Task description:
Pick up at the line with "with assms show". Write it out exactly, along with each later line through the end of the data, and nothing more.

Saved data entries:
********
lemma Rsec_Un:
  assumes "jopen R S U" "jopen R S V"
  shows "Rsec R S (U \<union> V) = Rsec R S U <+>\<^bsub>R\<^esub> Rsec R S V"
proof -
  let ?I = "Rsec R S U <+>\<^bsub>R\<^esub> Rsec R S V"
  have I_Idl: "?I = Idl (Rsec R S U \<union> Rsec R S V)"
    by (simp add: union_genideal ideal_Rsec)
  have sub_I: "Rsec R S U \<subseteq> ?I" "Rsec R S V \<subseteq> ?I"
    unfolding I_Idl using genideal_self[of "Rsec R S U \<union> Rsec R S V"] Rsec_carrier by blast+
  have "Rsec R S (U \<union> V) \<subseteq> kerS R {P \<in> SpecS R S. ?I \<subseteq> P}"
  proof -
    have "Rsec R S (U \<union> V) \<subseteq> P" if "P \<in> SpecS R S" "?I \<subseteq> P" for P
    proof -
      have "P \<notin> U" "P \<notin> V"
        using that sub_I jopen_notin_iff[OF assms(1)] jopen_notin_iff[OF assms(2)] by blast+
      with \<open>P \<in> SpecS R S\<close> show ?thesis by (auto simp: Rsec_def kerS_def)
    qed
    then show ?thesis using Rsec_carrier unfolding kerS_def by blast
  qed
  also have "\<dots> = ?I"
    by (rule kerS_primes_above[symmetric]) (simp add: set_add_mem Rsec_mem)
  finally show ?thesis
    using Rsec_mono[of U "U \<union> V"] Rsec_mono[of V "U \<union> V"]
    by (auto simp: I_Idl intro!: genideal_minimal[OF ideal_Rsec])
qed

lemma jopen_Int:
  assumes "jopen R S U" "jopen R S V"
  shows "jopen R S (U \<inter> V)"
proof -
  have "Rsec R S (U \<inter> V) \<subseteq> P \<longleftrightarrow> P \<notin> U \<inter> V" if P: "P \<in> SpecS R S" for P
  proof
    assume contains: "Rsec R S (U \<inter> V) \<subseteq> P"
    have "a \<otimes> b \<in> P" if a: "a \<in> Rsec R S U" and b: "b \<in> Rsec R S V" for a b
    proof -
      have "a \<otimes> b \<in> Rsec R S U" using ideal.I_r_closed[OF ideal_Rsec a Rsec_carrier[OF b]] .
      moreover have "a \<otimes> b \<in> Rsec R S V" using ideal.I_l_closed[OF ideal_Rsec b Rsec_carrier[OF a]] .
      ultimately show ?thesis using contains unfolding Rsec_Int by blast
    qed
    then have "Rsec R S U \<subseteq> P \<or> Rsec R S V \<subseteq> P"
      using P Rsec_mem[of U] Rsec_mem[of V] unfolding SpecS_def S_prime_def by blast
    then show "P \<notin> U \<inter> V"
      using jopen_notin_iff[OF assms(1) P] jopen_notin_iff[OF assms(2) P] by blast
  next
    assume "P \<notin> U \<inter> V"
    then have "Rsec R S U \<subseteq> P \<or> Rsec R S V \<subseteq> P"
      using jopen_notin_iff[OF assms(1) P] jopen_notin_iff[OF assms(2) P] by blast
    then show "Rsec R S (U \<inter> V) \<subseteq> P" unfolding Rsec_Int by blast
  qed
  then have "jclosure R S (SpecS R S - U \<inter> V) = SpecS R S - U \<inter> V"
    unfolding jclosure_def Rsec_def[symmetric] by blast
  with assms show ?thesis unfolding jopen_def by blast
qed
********
Finished exercise:
  with assms show ?thesis unfolding jopen_def by blast
qed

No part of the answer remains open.